### Exercise description
Output all of the entries beneath, exactly as written.

### Provided data

lemma banach_limit_separates:
  fixes x :: "nat \<Rightarrow> 'a::complex_normed_vector"
  assumes f: "complex_dual f" and x: "Bseq x"
    and N: "filterlim N at_top sequentially" and \<epsilon>: "\<epsilon> > 0"
    and far: "\<And>k. \<epsilon> \<le> cmod (window_average (\<lambda>i. f (x i)) (N k) (J k) - f v)"
  shows "\<exists>L. banach_limit_functional L \<and> L x \<noteq> L (\<lambda>n. v)"
proof -
  obtain c where c: "c \<noteq> 0" "complex_dual (\<lambda>z. c * f z)" "\<And>z. cmod (c * f z) \<le> norm z"
    using complex_dual_normalize[OF f] by blast
  obtain U where U: "ultrafilter U" "U \<le> sequentially"
    using ex_ultrafilter_le[of sequentially] by auto
  define L where "L = window_limit U (\<lambda>z. c * f z) N J"
  have "cmod c * \<epsilon> \<le> cmod (window_average (\<lambda>i. c * f (x i)) (N k) (J k) - c * f v)" for k
    using mult_left_mono[OF far[of k] norm_ge_zero[of c]]
    by (simp add: window_average_mult norm_mult flip: right_diff_distrib)
  then have "\<forall>\<^sub>F k in U. cmod c * \<epsilon>
               \<le> cmod (window_average (\<lambda>i. c * f (x i)) (N k) (J k) - c * f v)"
    by simp
  from tendsto_norm[OF tendsto_diff[OF window_limit_tendsto[OF U(1) c(3) x] tendsto_const]] this
  have "cmod c * \<epsilon> \<le> cmod (L x - c * f v)"
    unfolding L_def by (rule tendsto_lowerbound) (use U(1) in \<open>simp add: ultrafilter_def\<close>)
  moreover have "L (\<lambda>n. v) = c * f v"
    unfolding L_def using U N by (rule window_limit_const)
  moreover have "cmod c * \<epsilon> > 0"
    using c(1) \<epsilon> by simp
  ultimately have "L x \<noteq> L (\<lambda>n. v)"
    by auto
  moreover have "banach_limit_functional L"
    unfolding L_def using U N c(2,3) by (rule window_limit_banach_limit)
  ultimately show ?thesis
    by blast
qed

theorem mainTheorem18:
  fixes x :: "nat \<Rightarrow> 'a::complex_normed_vector" and v :: 'a
  assumes "Bseq x"
    and "strongly_almost_convergent x v"
  shows "weakly_almost_convergent x v"
  unfolding weakly_almost_convergent_def
proof (intro conjI allI impI)
  show "Bseq x"
    by fact
  fix f :: "'a \<Rightarrow> complex"
  assume f: "complex_dual f"
  show "almost_convergent (\<lambda>n. f (x n)) (f v)"
  proof (rule ccontr)
    assume "\<not> almost_convergent (\<lambda>n. f (x n)) (f v)"
    then obtain \<epsilon> N J where "\<epsilon> > 0" "filterlim N at_top sequentially"
      "\<And>k. \<epsilon> \<le> cmod (window_average (\<lambda>i. f (x i)) (N k) (J k) - f v)"
      using not_almost_convergent_windows[OF complex_dual_Bseq[OF f assms(1)]] by blast
    then obtain L where "banach_limit_functional L" "L x \<noteq> L (\<lambda>n. v)"
      using banach_limit_separates[OF f assms(1)] by blast
    with assms(2) show False
      unfolding strongly_almost_convergent_def by blast
  qed
qed
end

### Your solution
lemma banach_limit_separates:
  fixes x :: "nat \<Rightarrow> 'a::complex_normed_vector"
  assumes f: "complex_dual f" and x: "Bseq x"
    and N: "filterlim N at_top sequentially" and \<epsilon>: "\<epsilon> > 0"
    and far: "\<And>k. \<epsilon> \<le> cmod (window_average (\<lambda>i. f (x i)) (N k) (J k) - f v)"
  shows "\<exists>L. banach_limit_functional L \<and> L x \<noteq> L (\<lambda>n. v)"
proof -
  obtain c where c: "c \<noteq> 0" "complex_dual (\<lambda>z. c * f z)" "\<And>z. cmod (c * f z) \<le> norm z"
    using complex_dual_normalize[OF f] by blast
  obtain U where U: "ultrafilter U" "U \<le> sequentially"
    using ex_ultrafilter_le[of sequentially] by auto
  define L where "L = window_limit U (\<lambda>z. c * f z) N J"
  have "cmod c * \<epsilon> \<le> cmod (window_average (\<lambda>i. c * f (x i)) (N k) (J k) - c * f v)" for k
    using mult_left_mono[OF far[of k] norm_ge_zero[of c]]
    by (simp add: window_average_mult norm_mult flip: right_diff_distrib)
  then have "\<forall>\<^sub>F k in U. cmod c * \<epsilon>
               \<le> cmod (window_average (\<lambda>i. c * f (x i)) (N k) (J k) - c * f v)"
    by simp
  from tendsto_norm[OF tendsto_diff[OF window_limit_tendsto[OF U(1) c(3) x] tendsto_const]] this
  have "cmod c * \<epsilon> \<le> cmod (L x - c * f v)"
    unfolding L_def by (rule tendsto_lowerbound) (use U(1) in \<open>simp add: ultrafilter_def\<close>)
  moreover have "L (\<lambda>n. v) = c * f v"
    unfolding L_def using U N by (rule window_limit_const)
  moreover have "cmod c * \<epsilon> > 0"
    using c(1) \<epsilon> by simp
  ultimately have "L x \<noteq> L (\<lambda>n. v)"
    by auto
  moreover have "banach_limit_functional L"
    unfolding L_def using U N c(2,3) by (rule window_limit_banach_limit)
  ultimately show ?thesis
    by blast
qed

theorem mainTheorem18:
  fixes x :: "nat \<Rightarrow> 'a::complex_normed_vector" and v :: 'a
  assumes "Bseq x"
    and "strongly_almost_convergent x v"
  shows "weakly_almost_convergent x v"
  unfolding weakly_almost_convergent_def
proof (intro conjI allI impI)
  show "Bseq x"
    by fact
  fix f :: "'a \<Rightarrow> complex"
  assume f: "complex_dual f"
  show "almost_convergent (\<lambda>n. f (x n)) (f v)"
  proof (rule ccontr)
    assume "\<not> almost_convergent (\<lambda>n. f (x n)) (f v)"
    then obtain \<epsilon> N J where "\<epsilon> > 0" "filterlim N at_top sequentially"
      "\<And>k. \<epsilon> \<le> cmod (window_average (\<lambda>i. f (x i)) (N k) (J k) - f v)"
      using not_almost_convergent_windows[OF complex_dual_Bseq[OF f assms(1)]] by blast
    then obtain L where "banach_limit_functional L" "L x \<noteq> L (\<lambda>n. v)"
      using banach_limit_separates[OF f assms(1)] by blast
    with assms(2) show False
      unfolding strongly_almost_convergent_def by blast
  qed
qed
end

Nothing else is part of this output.